Monday, May 31, 2010

Mammoth bones from Southend Beach

My walk of May 19, 2009 was along all the Southend-on-Sea beaches at the latest high tide mark (relatively low 4.6 m predicted range). It started with the discovery of a fossil elephant limb bone fragment on East Beach near the Sea Life Centre. Although formal identification depends on the discovery of the teeth, it seems probable from the size and degree of secondary post-depositional dark phosphate cementation of the white bone, that it came from the Steppe Mammoth Mammuthus trogontherii Pohlia. Mammoth species are not generally as large as modern African Elephants, but this particular species was as large as the largest known specimens in the larger sample known to Big Game Hunters and culls in Africa. It was at least 14 feet (14.3m) high at the shoulder and yielded a more intact thigh bone (femur) from Mundesly Beach (Norfolk coast) with a length of 5 feet (1.5m) [A. Lister & P. Bahn Mammoths, MacMillan N.Y. 1994, p.24 x 68]. The East Beach fragment looks like the part of this femur, which is anticlastically curved as it expands into the base of the epiphyses. It has a transverse radius of curvature of 0.116 metres, indicative of a circumference approaching 0.73 m even on the narrower shaft. The axial length parallel to the trabeculae (spaced 1.0± 0.2 mm apart) is 125 mm and a width around 80 mm. The hidden thickness of the bone around the missing marrow cavity is 25 to 30 mm. It shows a transition from a smooth cortex to the pores with 0.3 mm sand, cemented by hydrated iron oxides. The Mundesly bone photograph suggests that a circumference in the unfolded anticlastic region near the epiphyses of around 0.73 m, is equivalent to a minimum shaft circumference around 0.55 m in a femur of 1.5 m length.

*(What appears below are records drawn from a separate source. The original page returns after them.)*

lemma has_integral_RL_pw:
  fixes b e t :: real
  assumes b: "0 < b" and e: "0 \<le> e" and t: "0 \<le> t"
  shows "((\<lambda>s. (t - s) powr (b - 1) * pw s e) has_integral (Beta (1 + e) b * t powr (e + b))) {0..t}"
proof (cases "t = 0")
  case True
  then show ?thesis using has_integral_refl(2)[of _ 0] by simp
next
  case False
  with t have t_pos: "0 < t" by simp
  define g where "g = (\<lambda>u::real. u powr ((1 + e) - 1) * (1 - u) powr (b - 1))"
  have "(g has_integral Beta (1 + e) b) (cbox 0 1)"
    unfolding g_def cbox_interval using has_integral_Beta_real[of "1 + e" b] b e by simp
  from has_integral_affinity'[OF this, of "1/t" 0]
  have "((\<lambda>s. g (s / t)) has_integral (t * Beta (1 + e) b)) {0..t}"
    using t_pos by (simp add: cbox_interval)
  from has_integral_mult_right[OF this, of "t powr (e + b - 1)"]
  have scaled: "((\<lambda>s. t powr (e + b - 1) * g (s / t)) has_integral (Beta (1 + e) b * t powr (e + b))) {0..t}"
    using t_pos by (simp add: powr_diff powr_add field_simps)
  show ?thesis
  proof (rule has_integral_spike[OF _ _ scaled])
    show "negligible {0, t}" by simp
    fix s assume "s \<in> {0..t} - {0, t}"
    then have s: "0 < s" "s < t" by auto
    have "1 - s / t = (t - s) / t" using t_pos by (simp add: field_simps)
    then have "t powr (e + b - 1) * g (s / t)
        = t powr (e + b - 1) * ((s powr e / t powr e) * ((t - s) powr (b - 1) / t powr (b - 1)))"
      using s t_pos by (simp add: g_def powr_divide)
    also have "\<dots> = (t - s) powr (b - 1) * pw s e"
      using s t_pos by (simp add: pw_def powr_diff powr_add field_simps)
    finally show "(t - s) powr (b - 1) * pw s e = t powr (e + b - 1) * g (s / t)" by simp
  qed
qed

lemma has_integral_RL_normalized_power:
  fixes b e t :: real
  assumes b: "0 < b" and e: "0 \<le> e" and t: "0 \<le> t"
  shows "((\<lambda>s. (t - s) powr (b - 1) * normalized_power e s)
           has_integral (Gamma b * normalized_power (e + b) t)) {0..t}"
proof -
  have "0 < Gamma (1 + e)" using e by (intro Gamma_real_pos) simp
  moreover have "1 + (e + b) \<noteq> 0" "e + b \<noteq> 0" using e b by auto
  ultimately have "Beta (1 + e) b * t powr (e + b) / Gamma (1 + e) = Gamma b * (t powr (e + b) / Gamma (1 + (e + b)))"
    by (simp add: Beta_def add_ac)
  also have "\<dots> = Gamma b * normalized_power (e + b) t"
    using e b by (simp add: normalized_power_def pw_def)
  finally have "Beta (1 + e) b * t powr (e + b) / Gamma (1 + e) = Gamma b * normalized_power (e + b) t" .
  then show ?thesis
    using has_integral_divide[OF has_integral_RL_pw[OF b e t], of "Gamma (1 + e)"]
    by (simp add: normalized_power_def)
qed

lemma RL_kernel_integrable:
  fixes b t :: real
  assumes "0 < b" "0 \<le> t"
  shows "(\<lambda>s. (t - s) powr (b - 1)) integrable_on {0..t}"
  using has_integral_RL_pw[OF assms(1) _ assms(2), of 0] by (auto simp: pw_def)

lemma has_integral_RL_suminf:
  fixes b t :: real and f :: "nat \<Rightarrow> real \<Rightarrow> real"
  assumes b: "0 < b" and t: "0 \<le> t"
    and f_int: "\<And>i. ((\<lambda>s. (t - s) powr (b - 1) * f i s) has_integral I i) {0..t}"
    and f_le: "\<And>i s. s \<in> {0..t} \<Longrightarrow> \<bar>f i s\<bar> \<le> M i" and M: "summable M"
  shows "I sums integral {0..t} (\<lambda>s. (t - s) powr (b - 1) * (\<Sum>i. f i s))"
    and "((\<lambda>s. (t - s) powr (b - 1) * (\<Sum>i. f i s)) has_integral (\<Sum>i. I i)) {0..t}"
proof -
  define F where "F = (\<lambda>N s. (t - s) powr (b - 1) * (\<Sum>i<N. f i s))"
  define h where "h = (\<lambda>s. (t - s) powr (b - 1) * suminf M)"
  have M_nonneg: "0 \<le> M i" for i using f_le[of 0 i] t by force
  have F_int: "(F N has_integral (\<Sum>i<N. I i)) {0..t}" for N
    unfolding F_def sum_distrib_left by (intro has_integral_sum f_int) auto
  have h_int: "h integrable_on {0..t}"
    unfolding h_def using integrable_on_mult_left[OF RL_kernel_integrable[OF b t]] by simp
  have F_le: "norm (F N s) \<le> h s" if "s \<in> {0..t}" for N s
  proof -
    have "\<bar>\<Sum>i<N. f i s\<bar> \<le> (\<Sum>i<N. M i)"
      by (rule order_trans[OF sum_abs sum_mono]) (use f_le that in auto)
    also have "\<dots> \<le> suminf M" using M M_nonneg by (intro sum_le_suminf) auto
    finally have "\<bar>\<Sum>i<N. f i s\<bar> \<le> suminf M" .
    then show ?thesis unfolding F_def h_def by (simp add: abs_mult mult_left_mono)
  qed
  have F_lim: "(\<lambda>N. F N s) \<longlonglongrightarrow> (t - s) powr (b - 1) * (\<Sum>i. f i s)" if "s \<in> {0..t}" for s
  proof -
    have "summable (\<lambda>i. f i s)"
      by (rule summable_comparison_test[OF _ M]) (use f_le that in auto)
    then show ?thesis unfolding F_def by (intro tendsto_mult_left summable_LIMSEQ)
  qed
  note DC = dominated_convergence[of F "{0..t}" h, OF _ h_int F_le F_lim]
  have "(\<lambda>N. integral {0..t} (F N)) \<longlonglongrightarrow> integral {0..t} (\<lambda>s. (t - s) powr (b - 1) * (\<Sum>i. f i s))"
    using DC(2) F_int by blast
  moreover have "integral {0..t} (F N) = (\<Sum>i<N. I i)" for N using F_int by (rule integral_unique)
  ultimately show sums: "I sums integral {0..t} (\<lambda>s. (t - s) powr (b - 1) * (\<Sum>i. f i s))"
    by (simp add: sums_def)
  have "(\<lambda>s. (t - s) powr (b - 1) * (\<Sum>i. f i s)) integrable_on {0..t}"
    using DC(1) F_int by blast
  with sums_unique[OF sums]
  show "((\<lambda>s. (t - s) powr (b - 1) * (\<Sum>i. f i s)) has_integral (\<Sum>i. I i)) {0..t}"
    by (metis has_integral_integral)
qed

lemma RL_integrable_diff:
  "RL_integrable b f t \<Longrightarrow> RL_integrable b g t \<Longrightarrow> RL_integrable b (\<lambda>s. f s - g s) t"
  unfolding RL_integrable_def by (drule (1) integrable_diff) (simp add: right_diff_distrib)

lemma RL_int_diff:
  assumes "RL_integrable b f t" "RL_integrable b g t"
  shows "RL_int b (\<lambda>s. f s - g s) t = RL_int b f t - RL_int b g t"
  using assms unfolding RL_integrable_def RL_int_def
  by (simp add: right_diff_distrib integral_diff)

lemma RL_int_cong: "(\<And>s. 0 \<le> s \<Longrightarrow> s \<le> t \<Longrightarrow> f s = g s) \<Longrightarrow> RL_int b f t = RL_int b g t"
  unfolding RL_int_def by (metis (no_types, lifting) atLeastAtMost_iff integral_cong)

lemma abs_RL_int_le_normalized_power:
  fixes b e t K :: real
  assumes b: "0 < b" and e: "0 \<le> e" and t: "0 \<le> t" and q_int: "RL_integrable b q t"
    and q_le: "\<And>s. 0 \<le> s \<Longrightarrow> s \<le> t \<Longrightarrow> \<bar>q s\<bar> \<le> K * normalized_power e s"
  shows "\<bar>RL_int b q t\<bar> \<le> K * normalized_power (e + b) t"
proof -
  have Gamma_pos: "0 < Gamma b" using b by (rule Gamma_real_pos)
  have majorant: "((\<lambda>s. K * ((t - s) powr (b - 1) * normalized_power e s)) has_integral
      K * (Gamma b * normalized_power (e + b) t)) {0..t}"
    using b e t by (intro has_integral_mult_right has_integral_RL_normalized_power)
  have "norm (integral {0..t} (\<lambda>s. (t - s) powr (b - 1) * q s))
      \<le> integral {0..t} (\<lambda>s. K * ((t - s) powr (b - 1) * normalized_power e s))"
  proof (rule integral_norm_bound_integral)
    show "(\<lambda>s. (t - s) powr (b - 1) * q s) integrable_on {0..t}"
      using q_int by (simp add: RL_integrable_def)
    show "(\<lambda>s. K * ((t - s) powr (b - 1) * normalized_power e s)) integrable_on {0..t}"
      using majorant by blast
    fix s assume "s \<in> {0..t}"
    then have "(t - s) powr (b - 1) * \<bar>q s\<bar> \<le> (t - s) powr (b - 1) * (K * normalized_power e s)"
      using q_le by (intro mult_left_mono) auto
    then show "norm ((t - s) powr (b - 1) * q s) \<le> K * ((t - s) powr (b - 1) * normalized_power e s)"
      by (simp add: abs_mult mult_ac)
  qed
  also have "\<dots> = K * (Gamma b * normalized_power (e + b) t)"
    using majorant by (rule integral_unique)
  finally show ?thesis
    using Gamma_pos by (simp add: RL_int_def abs_mult divide_le_eq mult_ac)
qed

A second bone fragment came from the strandline between Walton and Lynton Roads, during a walk on June 26, 2009. This represents the more externally porous surface of an epiphysis with a radius of curvature of only 30 mm. Being less cemented it probably came from a younger Pleistocene deposits than the Cromer Forest-Bed yielding M. trogontherii and the straight Tusked Elephant Palaeoloxodon antiquus (Falconer & Cautley)[another possible source of large bone fragments]. This smaller bone fragment (63 by 38 by 34 mm dimensions) could easily be confused with the pebbles of aerated concrete building blocks often seen in the same strandline; but it differs from them in being denser than seawater and having elongated pores.


The reason why these bones occur at Southend is that gravel was dredged from the North Sea and pumped from the dredgers to reinforce the beach in a large diameter pipeline. The pipeline was moved west from St. Thorpe Hall Avenue to Southend East Beach during the summer of 2002. I visited East Beach showing underlying London Clay when this was going on in June 21, 2002. Due to the gradual process of deposition of new gravel (from east to west if my memory is correct) there are different fossils and concretions related to particular spots along the strandline, even though all of them have been dredged from the North Sea sites. One can deduce that the source seabed was a thin or partial cover of flint and sarsen gravel on London Clay containing concretions, some concretions were bored in the North Sea by the modern bivalve Barnea pendula Pennant. According to Jeff Saward, who collected from the Southend beach in the winter of 2002-3, this source area was “12 miles of Felixstowe” and yielded a mammoth tooth as well as mammoth bone to him then (see report on his talk of September 2003 by Roger Coleman on pages 3-4 of Essex Rock and Mineral Society Newsletter, Number 237, October 2003)

Outside the area between central Thorpe Bay and Southend Pier, gravel has been added from time to time by trucks from other sources, which do not appear to contain large fossils. Here the London Clay is still present on the beach and is still a source of the grey insitu finds still also available at East Beach in 2010.